The next connection likely to be observed would be that the interval between two day tides was not exactly a solar day of twenty-four hours, but a lunar day of fifty minutes longer. For by reason of the moon's monthly motion it lags behind the sun about fifty minutes a day, and the tides do the same, and so perpetually occur later and later, about fifty minutes a day later, or 12 hours and 25 minutes on the average between tide and tide.

A third and still more striking connection was also discovered by some of the ancient great navigators and philosophers—viz. that the time of high water at a given place at full moon is always the same, or very nearly so. In other words, the highest or spring tides always occur nearly at the same time of day at a given place. For instance, at Liverpool this time is noon and midnight. London is about two hours and a half later. Each port has its own time for receiving a given tide, and the time is called the "establishment" of the port. Look out a day when the moon is full, and you will find the Liverpool high tide occurs at half-past eleven, or close upon it. The same happens when the moon is new. A day after full or new moon the spring tides rise to their highest, and these extra high tides always occur in Liverpool at noon and at midnight, whatever the season of the year. About the equinoxes they are liable to be extraordinarily high. The extra low tides here are therefore at 6 a.m. and 6 p.m., and the 6 p.m. low tide is a nuisance to the river steamers. The spring tides at London are highest about half-past two.


It is, therefore, quite clear that the moon has to do with the tides. It and the sun together are, in fact, the whole cause of them; and the mode in which these bodies act by gravitative attraction was first made out and explained in remarkably full detail by Sir Isaac Newton. You will find his account of the tides in the second and third books of the Principia; and though the theory does not occupy more than a few pages of that immortal work, he succeeds not only in explaining the local tidal peculiarities, much as I have done to-night, but also in calculating the approximate height of mid-ocean solar tide; and from the observed lunar tide he shows how to determine the then quite unknown mass of the moon. This was a quite extraordinary achievement, the difficulty of which it is not easy for a person unused to similar discussions fully to appreciate. It is, indeed, but a small part of what Newton accomplished, but by itself it is sufficient to confer immortality upon any ordinary philosopher, and to place him in a front rank.

Fig. 110.—Whirling earth model.

To make intelligible Newton's theory of the tides, I must not attempt to go into too great detail. I will consider only the salient points. First, you know that every mass of matter attracts every other piece of matter; second, that the moon revolves round the earth, or rather that the earth and moon revolve round their common centre of gravity once a month; third, that the earth spins on its own axis once a day; fourth, that when a thing is whirled round, it tends to fly out from the centre and requires a force to hold it in. These are the principles involved.

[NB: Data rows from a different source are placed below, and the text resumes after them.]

lemma S_mat_eq: "S_mat N = mat N N (\<lambda>(i,j). inverse ((- beta) ^ i) * R_mat N $$ (i,j) * beta ^ j)"
proof -
  have "B_mat N = mat_diag N (\<lambda>i. inverse ((- beta) ^ i))" "A_mat N = mat_diag N (\<lambda>i. beta ^ i)"
    unfolding B_mat_def A_mat_def mat_diag_def by (auto intro!: cong_mat)
  thus ?thesis
    unfolding S_mat_def by (simp add: mat_diag_mult_mult_mat_diag R_mat_def)
qed

lemma S_mat_carrier: "S_mat N \<in> carrier_mat N N"
  by (simp add: S_mat_eq)

lemma sqrt_choose_mult_R_mat_mult_sqrt_choose:
  assumes "n < N" "k < N"
  shows "sqrt_choose (N - 1) n * R_mat N $$ (n,k) * sqrt_choose (N - 1) k
    = of_nat ((k choose n) * ((N - 1) choose k))"
proof (cases "n \<le> k")
  case True
  have "sqrt_choose (N - 1) n * R_mat N $$ (n,k) * sqrt_choose (N - 1) k = complex_of_real
      (sqrt (real ((k choose n) * ((N - 1 - n) choose (k - n))))
        * sqrt (real ((N - 1) choose n)) * sqrt (real ((N - 1) choose k)))"
    using assms True by (simp add: R_mat_def sqrt_choose_def mult_ac)
  also have "\<dots> = of_nat ((k choose n) * ((N - 1) choose k))"
    using sqrt_choose_mult_sqrt_choose[OF True, of "N - 1"] assms by simp
  finally show ?thesis .
qed (use assms in \<open>simp add: R_mat_def binomial_eq_0\<close>)

lemma inverse_power_neg_beta_mult_power_i_beta:
  "inverse ((- beta) ^ n) * (\<i> * beta) ^ n = (- \<i>) ^ n"
proof -
  have "beta \<noteq> 0" by (simp add: beta_def complex_eq_iff)
  moreover have "\<i> * beta = (- \<i>) * (- beta)" by simp
  ultimately show ?thesis
    by (simp only: power_mult_distrib) (simp add: field_simps)
qed

lemma one_plus_i_beta: "1 + \<i> * beta = - \<i>"
  by (simp add: beta_def complex_eq_iff)

lemma sqrt_choose_mult_index_S_mat_mult_Q_fam:
  assumes n: "n < N" and q: "q < N"
  shows "sqrt_choose (N - 1) n * (S_mat N * Q_fam N \<i>) $$ (n,q)
    = inverse ((- beta) ^ n) * chain_weight N \<i> q
    * (of_nat ((N - 1) choose n) * of_nat ((N - 1 - n) choose q)
      * (\<i> * beta) ^ n * (- \<i>) ^ (N - 1 - n - q))"
proof -
  let ?c = "sqrt_choose (N - 1)" and ?w = "chain_weight N \<i> q"
  have "?c n * (S_mat N * Q_fam N \<i>) $$ (n,q)
    = (\<Sum>k<N. ?c n * S_mat N $$ (n,k) * Q_fam N \<i> $$ (k,q))"
    by (simp add: index_mult_mat_sum[of _ N N _ N] n q sum_distrib_left mult.assoc S_mat_eq)
  also have "\<dots> = (\<Sum>k\<le>N - 1. inverse ((- beta) ^ n) * ?w
      * (of_nat (k choose n) * of_nat ((N - 1) choose k) * of_nat ((N - 1 - k) choose q)
        * (\<i> * beta) ^ k))"
  proof (rule sum.cong)
    show "{..<N} = {..N - 1}" using n by auto
    fix k assume "k \<in> {..N - 1}"
    hence k: "k < N" using n by auto
    have "?c n * S_mat N $$ (n,k) * Q_fam N \<i> $$ (k,q) = inverse ((- beta) ^ n) * ?w
        * ((?c n * R_mat N $$ (n,k) * ?c k) * of_nat ((N - 1 - k) choose q) * (\<i> * beta) ^ k)"
      using k n q by (simp add: S_mat_eq index_Q_fam power_mult_distrib mult_ac)
    thus "?c n * S_mat N $$ (n,k) * Q_fam N \<i> $$ (k,q) = inverse ((- beta) ^ n) * ?w
        * (of_nat (k choose n) * of_nat ((N - 1) choose k) * of_nat ((N - 1 - k) choose q)
          * (\<i> * beta) ^ k)"
      unfolding sqrt_choose_mult_R_mat_mult_sqrt_choose[OF n k] by simp
  qed
  also have "\<dots> = inverse ((- beta) ^ n) * ?w
      * (of_nat ((N - 1) choose n) * of_nat ((N - 1 - n) choose q)
        * (\<i> * beta) ^ n * (- \<i>) ^ (N - 1 - n - q))"
    by (simp only: sum_choose_trinomial_power one_plus_i_beta flip: sum_distrib_left)
  finally show ?thesis .
qed

lemma chain_weight_i_beta:
  assumes "n + q < N"
  shows "inverse ((- beta) ^ n) * (\<i> * beta) ^ n * (- \<i>) ^ (N - 1 - n - q) * chain_weight N \<i> q
    = chain_weight N 1 q"
proof -
  define k where "k = N - 1 - n - q"
  have k: "N - 1 - q = n + k" using assms by (simp add: k_def)
  have "(- \<i>) ^ n * (- \<i>) ^ k * (- \<i>) ^ (n + k) = (- \<i>) ^ (n + k) * (- \<i>) ^ (n + k)"
    by (simp add: power_add mult_ac)
  also have "\<dots> = (- 1) ^ (n + k)"
    by (simp flip: power_mult_distrib)
  finally show ?thesis
    unfolding inverse_power_neg_beta_mult_power_i_beta chain_weight_def k_def[symmetric] k
    by (simp add: mult.assoc)
qed

lemma S_mat_mult_Q_fam: "S_mat N * Q_fam N \<i> = Q_fam N 1"
proof (rule eq_matI)
  fix n q
  assume "n < dim_row (Q_fam N 1)" "q < dim_col (Q_fam N 1)"
  hence n: "n < N" and q: "q < N" by (simp_all add: Q_fam_def)
  have "sqrt_choose (N - 1) n * (S_mat N * Q_fam N \<i>) $$ (n,q)
    = sqrt_choose (N - 1) n * Q_fam N 1 $$ (n,q)"
  proof (cases "n + q < N")
    case True
    thus ?thesis
      unfolding sqrt_choose_mult_index_S_mat_mult_Q_fam[OF n q] index_Q_fam[OF n q]
        chain_weight_i_beta[OF True, symmetric] sqrt_choose_mult_self[symmetric]
      by (simp add: mult_ac)
  next
    case False
    hence "(N - 1 - n) choose q = 0" using n by simp
    thus ?thesis
      unfolding sqrt_choose_mult_index_S_mat_mult_Q_fam[OF n q] index_Q_fam[OF n q] by simp
  qed
  thus "(S_mat N * Q_fam N \<i>) $$ (n,q) = Q_fam N 1 $$ (n,q)"
    using sqrt_choose_nonzero[of n "N - 1"] n by simp
qed (simp_all add: S_mat_eq Q_fam_def)

theorem mainTheorem3:
  fixes N :: nat
  assumes "N \<ge> 2"
  shows "invertible_mat (S_mat N)
    \<and> (\<exists>Sinv \<in> carrier_mat N N.
          S_mat N * Sinv = 1\<^sub>m N \<and> Sinv * S_mat N = 1\<^sub>m N
          \<and> H_AO N = S_mat N * H_BH N * Sinv)
    \<and> invertible_mat (Q_BH N)
    \<and> (\<exists>Qinv \<in> carrier_mat N N.
          Q_BH N * Qinv = 1\<^sub>m N \<and> Qinv * Q_BH N = 1\<^sub>m N
          \<and> S_mat N = Q_AO N * Qinv)"
proof -
  note carrier = S_mat_carrier Q_fam_carrier H_fam_carrier
    and fam = H_BH_eq_H_fam H_AO_eq_H_fam Q_BH_eq_Q_fam Q_AO_eq_Q_fam
    and assoc = assoc_mult_mat[of _ N N _ N _ N]
  have SQ: "S_mat N * Q_BH N = Q_AO N"
    by (simp add: fam S_mat_mult_Q_fam)
  have det_Q_BH: "det (Q_BH N) \<noteq> 0" and det_Q_AO: "det (Q_AO N) \<noteq> 0"
    by (simp_all add: fam det_Q_fam_nonzero)
  hence det_S: "det (S_mat N) \<noteq> 0"
    using det_mult[OF S_mat_carrier Q_fam_carrier, of N \<i>] SQ by (simp add: fam)
  obtain Sinv where Sinv: "Sinv \<in> carrier_mat N N" "S_mat N * Sinv = 1\<^sub>m N" "Sinv * S_mat N = 1\<^sub>m N"
    using inverse_mat_if_det_nonzero[OF S_mat_carrier det_S] by blast
  obtain Qinv where Qinv: "Qinv \<in> carrier_mat N N" "Q_BH N * Qinv = 1\<^sub>m N" "Qinv * Q_BH N = 1\<^sub>m N"
    using inverse_mat_if_det_nonzero[of "Q_BH N" N] det_Q_BH by (auto simp: fam)
  have "H_AO N * S_mat N = S_mat N * H_BH N"
    by (rule intertwiner_of_chain_bases[of _ N _ "Q_BH N" Qinv _ "jordan_block N 0" "Q_AO N"])
      (use carrier Qinv SQ H_fam_mult_Q_fam in \<open>simp_all add: fam\<close>)
  hence "H_AO N = S_mat N * H_BH N * Sinv"
    using carrier Sinv by (metis fam assoc mult_carrier_mat right_mult_one_mat)
  moreover have "S_mat N = Q_AO N * Qinv"
    using carrier Qinv SQ by (metis fam assoc right_mult_one_mat)
  ultimately show ?thesis
    using Sinv Qinv invertible_mat_if_det_nonzero[OF S_mat_carrier det_S]
      invertible_mat_if_det_nonzero[of "Q_BH N" N] det_Q_BH by (auto simp: fam)
qed

end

You can whirl a bucket full of water vertically round without spilling it. Make an elastic globe rotate, and it bulges out into an oblate or orange shape; as illustrated by the model shown in [Fig. 110]. This is exactly what the earth does, and Newton calculated the bulging of it as fourteen miles all round the equator. Make an elastic globe revolve round a fixed centre outside itself, and it gets pulled into a prolate or lemon shape; the simplest illustrative experiment is to attach a string to an elastic bag or football full of water, and whirl it round and round. Its prolateness is readily visible.

Now consider the earth and moon revolving round each other like a man whirling a child round. The child travels furthest, but the man cannot merely rotate, he leans back and thus also describes a small circle: so does the earth; it revolves round the common centre of gravity of earth and moon (cf. [p. 212]). This is a vital point in the comprehension of the tides: the earth's centre is not at rest, but is being whirled round by the moon, in a circle about 1⁄80 as big as the circle which the moon describes, because the earth weighs eighty times as much as the moon. The effect of the revolution is to make both bodies slightly protrude in the direction of the line joining them; they become slightly "prolate" as it is called—that is, lemon-shaped. Illustrating still by the man and child, the child's legs fly outwards so that he is elongated in the direction of a radius; the man's coat-tails fly out too, so that he too is similarly though less elongated. These elongations or protuberances constitute the tides.